■ **Work instruction**:
Starting from the line that holds "U * (of_int", print each remaining line of the entries exactly, ending with the last.

= Beginning of Section =

lemma tsp_cost_hub_matrix_le_heavy:
  assumes "1 \<le> k" and few_heavy: "3 * k + card (heavy_vertices n S k) < n"
  shows "tsp_cost n (hub_matrix n S) \<le> n + 1 + 2 * card (heavy_vertices n S k)"
proof -
  let ?M = "hub_matrix n S"
  obtain p where p: "distinct p" "set p \<subseteq> {..<n}" "2 * k + 2 \<le> length p"
    "tour_cost ?M p \<le> length p + 1"
    using long_unblocked_path[OF assms] .
  define R where "R = {..<n} - set p"
  have R: "finite R" "R \<inter> set p = {}" "set p \<union> R = {..<n}"
    using p(2) unfolding R_def by auto
  obtain t where t: "distinct t" "set t = {..<n}" "length t = length p + card R"
    "tour_cost ?M t \<le> tour_cost ?M p + card R
      + 2 * card {w\<in>R. length p \<le> 2 * blocked_degree n S w + 2}"
    using hub_tour_insert_all[OF R(1,2) p(1), of n S] R(3) p(3) by auto
  have "length p + card R = n"
    using t(1-3) distinct_card by fastforce
  moreover have "{w\<in>R. length p \<le> 2 * blocked_degree n S w + 2} \<subseteq> heavy_vertices n S k"
    using p(3) unfolding R_def heavy_vertices_def by auto
  then have "card {w\<in>R. length p \<le> 2 * blocked_degree n S w + 2} \<le> card (heavy_vertices n S k)"
    by (intro card_mono) (auto simp: heavy_vertices_def)
  moreover have "tsp_cost n ?M \<le> tour_cost ?M t"
    using t(1,2) few_heavy by (intro tsp_cost_le_tour_cost) auto
  ultimately show ?thesis using t(4) p(4) by linarith
qed
(* Let $q$ be a power of the prime $p$, let $\mathcal{G}$ be a subgroup of the additive group $(\mathbb{F}_q,+)$ of order $p$, and let $f$ be a $\mathcal{G}$-fixed monic irreducible polynomial in $\mathbb{F}_q[T]$ of degree $ps$ (with $s\in\mathbb{Z}_{\geqslant 1}$). Then, in $\mathbb{F}_{q^s}[T]$, $f$ factors as a product of irreducible polynomials over $\mathbb{F}_{q^s}$ each of which is $\mathcal{G}$-fixed and of the form $T^p-\beta T-\gamma$ with $\beta\in\mathbb{F}_q^{\times}$ and $\gamma\in\mathbb{F}_{q^s}$.
   Context: A polynomial $f$ (over $\mathbb{F}_q$ or an extension of $\mathbb{F}_q$) is $\mathcal{G}$-fixed if $f(T+a)=f(T)$ for all $a\in\mathcal{G}$. Irreducible polynomials over $\mathbb{F}_{q^s}$ of the form $T^p-\beta T-\gamma$ with $\beta\in\mathbb{F}_q^\times$, $\gamma\in\mathbb{F}_{q^s}$ are called almost Artin–Schreier primes. *)

theory Defs
  imports "HOL-Computational_Algebra.Computational_Algebra"
begin

definition G_fixed :: "'a::comm_ring_1 set \<Rightarrow> 'a poly \<Rightarrow> bool" where
  "G_fixed G f \<longleftrightarrow> (\<forall>a\<in>G. pcompose f [:a, 1:] = f)"

definition add_subgroup :: "'a::ab_group_add set \<Rightarrow> bool" where
  "add_subgroup G \<longleftrightarrow> 0 \<in> G \<and> (\<forall>x\<in>G. \<forall>y\<in>G. x + y \<in> G) \<and> (\<forall>x\<in>G. - x \<in> G)"

end

(*
  Pick a \<noteq> 0 in G and put L = T^p - a^(p-1) T.  Every element of G is a root of L and L is
  additive in characteristic p, so L(T + c) = L(T) for c \<in> G; Euclidean division by L then shows
  that a G-fixed polynomial is a polynomial in L.  Hence f = h(L) with h irreducible of degree s.
  Since h divides T^(q^s) - T, over F_(q^s) it splits into linear factors T - b, and
  f = \<Prod> (L - b).  No factor L - b has a root in F_(q^s): a root of f there would make the q^(ps)
  residues of degree < ps inject into F_(q^s).  Finally T^p - \<beta> T - \<gamma> without roots is irreducible:
  the translates of a monic irreducible factor m by F_p a are either pairwise distinct, giving p
  distinct factors and forcing deg m = 1, or m is fixed by a nonzero translation, which makes m a
  polynomial in an additive polynomial of degree p.
*)
theory Submission
  imports Defs "Berlekamp_Zassenhaus.Finite_Field"
begin
lemma finite_reps_if_gt_1:
  assumes "\<beta> > 1"
  shows "finite (reps \<beta> \<alpha>)"
proof -
  obtain N where N: "\<alpha> < \<beta> ^ N"
    using real_arch_pow[OF assms] by blast
  have "reps \<beta> \<alpha> \<subseteq> {f. degree f \<le> N \<and> (\<forall>i. coeff f i \<in> {..nat \<lfloor>\<alpha>\<rfloor>})}"
  proof (intro subsetI CollectI conjI allI)
    fix f
    assume "f \<in> reps \<beta> \<alpha>"
    then have term_le: "real (coeff f j) * \<beta> ^ j \<le> \<alpha>" for j
      using nat_poly_term_le_poly[of \<beta> f j] assms by simp
    show "coeff f i \<in> {..nat \<lfloor>\<alpha>\<rfloor>}" for i
    proof -
      have "real (coeff f i) \<le> real (coeff f i) * \<beta> ^ i"
        using assms by (simp add: mult_le_cancel_left1)
      then show ?thesis
        using term_le[of i] by (simp add: le_nat_floor)
    qed
    show "degree f \<le> N"
    proof (rule ccontr)
      assume "\<not> degree f \<le> N"
      then have "f \<noteq> 0"
        by auto
      then have "lead_coeff f \<ge> 1"
        using leading_coeff_neq_0[of f] by linarith
      then have "\<beta> ^ degree f \<le> real (lead_coeff f) * \<beta> ^ degree f"
        using assms by simp
      also have "\<dots> < \<beta> ^ N"
        using term_le[of "degree f"] N by linarith
      finally show False
        using \<open>\<not> degree f \<le> N\<close> assms power_less_imp_less_exp by fastforce
    qed
  qed
  then show ?thesis
    by (rule finite_subset) (intro finite_degree_le_coeffs_in finite_atMost)
qed

section \<open>Conjugate roots\<close>

lemma poly_of_int_poly_of_rat:
  fixes q :: "int poly" and r :: rat
  shows "poly (map_poly real_of_int q) (of_rat r) = of_rat (poly (map_poly of_int q) r)"
  by (induction q) (simp_all add: map_poly_pCons of_rat_add of_rat_mult)

lemma irreducible_root_irrational:
  fixes q :: "int poly" and x :: real
  assumes irr: "irreducible (map_poly rat_of_int q)" and deg: "degree q \<ge> 2"
    and root: "poly (map_poly of_int q) x = 0"
  shows "x \<notin> \<rat>"
proof
  assume "x \<in> \<rat>"
  then obtain r where x: "x = of_rat r"
    by (cases rule: Rats_cases)
  let ?p = "map_poly rat_of_int q"
  have "poly ?p r = 0"
    using root by (simp add: x poly_of_int_poly_of_rat)
  then obtain s where p: "?p = [:-r, 1:] * s"
    by (metis dvdE poly_eq_0_iff_dvd)
  have "\<not> is_unit [:-r, 1:]"
    by (simp add: is_unit_iff_degree)
  then have "is_unit s"
    using irreducibleD[OF irr p] by blast
  then have "s \<noteq> 0" and "degree s = 0"
    using is_unit_iff_degree[of s] not_is_unit_0 by metis+
  then have "degree ?p = 1"
    unfolding p by (subst degree_mult_eq) auto
  moreover have "degree ?p = degree q"
    by (simp add: degree_map_poly)
  ultimately show False
    using deg by simp
qed

lemma irrational_linear_int_eq_0_iff:
  fixes x :: real
  assumes "x \<notin> \<rat>"
  shows "of_int a * x + of_int b = 0 \<longleftrightarrow> a = 0 \<and> b = 0"
proof
  assume eq: "of_int a * x + of_int b = 0"
  have "a = 0"
  proof (rule ccontr)
    assume "a \<noteq> 0"
    then have "x = - of_int b / of_int a"
      using eq by (simp add: field_simps)
    then show False
      using assms by simp
  qed
  then show "a = 0 \<and> b = 0"
    using eq by simp
qed simp

lemma nat_poly_at_quadratic_root_linear:
  fixes A B C :: int and f :: "nat poly"
  shows "\<exists>d U V. \<forall>\<rho>::real. of_int A * \<rho>^2 + of_int B * \<rho> + of_int C = 0 \<longrightarrow>
           of_int A ^ d * poly (map_poly real f) \<rho> = of_int U * \<rho> + of_int V"
proof (induction f)
  case 0
  show ?case
    by (intro exI[of _ 0]) simp
next
  case (pCons a f)
  then obtain d U V where IH: "\<And>\<rho>::real. of_int A * \<rho>^2 + of_int B * \<rho> + of_int C = 0 \<Longrightarrow>
      of_int A ^ d * poly (map_poly real f) \<rho> = of_int U * \<rho> + of_int V"
    by blast
  have "of_int A ^ Suc d * poly (map_poly real (pCons a f)) \<rho>
      = of_int (A * V - B * U) * \<rho> + of_int (A ^ Suc d * int a - C * U)"
    if root: "of_int A * \<rho>^2 + of_int B * \<rho> + of_int C = 0" for \<rho> :: real
  proof -
    have "of_int A ^ Suc d * poly (map_poly real (pCons a f)) \<rho>
        = of_int A ^ Suc d * real a + of_int A * \<rho> * (of_int U * \<rho> + of_int V)"
      using IH[OF root] by (simp add: map_poly_pCons algebra_simps)
    also have "\<dots> = of_int A ^ Suc d * real a + of_int U * (of_int A * \<rho>^2) + of_int A * of_int V * \<rho>"
      by (simp add: algebra_simps power2_eq_square)
    also have "of_int A * \<rho>^2 = - of_int B * \<rho> - of_int C"
      using root by simp
    finally show ?thesis
      by (simp add: algebra_simps)
  qed
  then show ?case
    by blast
qed
lemma sum_comb_eq_zero:
  assumes "\<forall>t\<in>T. (\<Sum>s\<in>S. x s * c s t) = 0"
  shows "(\<Sum>s\<in>S. x s * (\<Sum>t\<in>T. c s t * w t)) = (0 :: 'a::comm_semiring_0)"
proof -
  have "(\<Sum>s\<in>S. x s * (\<Sum>t\<in>T. c s t * w t)) = (\<Sum>s\<in>S. \<Sum>t\<in>T. x s * c s t * w t)"
    by (simp add: sum_distrib_left mult.assoc)
  also have "\<dots> = (\<Sum>t\<in>T. \<Sum>s\<in>S. x s * c s t * w t)"
    by (rule sum.swap)
  also have "\<dots> = (\<Sum>t\<in>T. (\<Sum>s\<in>S. x s * c s t) * w t)"
    by (simp add: sum_distrib_right)
  finally show ?thesis using assms by simp
qed

lemma subfield_UNIV: "is_subfield (UNIV :: 'a::field set)"
  unfolding is_subfield_def by auto

context
  fixes K :: "'a::field set"
  assumes K: "is_subfield K"
begin

lemma subfield_zero: "0 \<in> K"
  and subfield_one: "1 \<in> K"
  and subfield_add: "x \<in> K \<Longrightarrow> y \<in> K \<Longrightarrow> x + y \<in> K"
  and subfield_diff: "x \<in> K \<Longrightarrow> y \<in> K \<Longrightarrow> x - y \<in> K"
  and subfield_mult: "x \<in> K \<Longrightarrow> y \<in> K \<Longrightarrow> x * y \<in> K"
  and subfield_inverse: "x \<in> K \<Longrightarrow> inverse x \<in> K"
  using K unfolding is_subfield_def by auto

lemma subfield_uminus: "x \<in> K \<Longrightarrow> - x \<in> K"
  using subfield_diff[OF subfield_zero] by fastforce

= End of Section =

■ **Task solution**:
    also have "\<dots> = of_int A ^ Suc d * real a + of_int U * (of_int A * \<rho>^2) + of_int A * of_int V * \<rho>"
      by (simp add: algebra_simps power2_eq_square)
    also have "of_int A * \<rho>^2 = - of_int B * \<rho> - of_int C"
      using root by simp
    finally show ?thesis
      by (simp add: algebra_simps)
  qed
  then show ?case
    by blast
qed
lemma sum_comb_eq_zero:
  assumes "\<forall>t\<in>T. (\<Sum>s\<in>S. x s * c s t) = 0"
  shows "(\<Sum>s\<in>S. x s * (\<Sum>t\<in>T. c s t * w t)) = (0 :: 'a::comm_semiring_0)"
proof -
  have "(\<Sum>s\<in>S. x s * (\<Sum>t\<in>T. c s t * w t)) = (\<Sum>s\<in>S. \<Sum>t\<in>T. x s * c s t * w t)"
    by (simp add: sum_distrib_left mult.assoc)
  also have "\<dots> = (\<Sum>t\<in>T. \<Sum>s\<in>S. x s * c s t * w t)"
    by (rule sum.swap)
  also have "\<dots> = (\<Sum>t\<in>T. (\<Sum>s\<in>S. x s * c s t) * w t)"
    by (simp add: sum_distrib_right)
  finally show ?thesis using assms by simp
qed

lemma subfield_UNIV: "is_subfield (UNIV :: 'a::field set)"
  unfolding is_subfield_def by auto

context
  fixes K :: "'a::field set"
  assumes K: "is_subfield K"
begin

lemma subfield_zero: "0 \<in> K"
  and subfield_one: "1 \<in> K"
  and subfield_add: "x \<in> K \<Longrightarrow> y \<in> K \<Longrightarrow> x + y \<in> K"
  and subfield_diff: "x \<in> K \<Longrightarrow> y \<in> K \<Longrightarrow> x - y \<in> K"
  and subfield_mult: "x \<in> K \<Longrightarrow> y \<in> K \<Longrightarrow> x * y \<in> K"
  and subfield_inverse: "x \<in> K \<Longrightarrow> inverse x \<in> K"
  using K unfolding is_subfield_def by auto

lemma subfield_uminus: "x \<in> K \<Longrightarrow> - x \<in> K"
  using subfield_diff[OF subfield_zero] by fastforce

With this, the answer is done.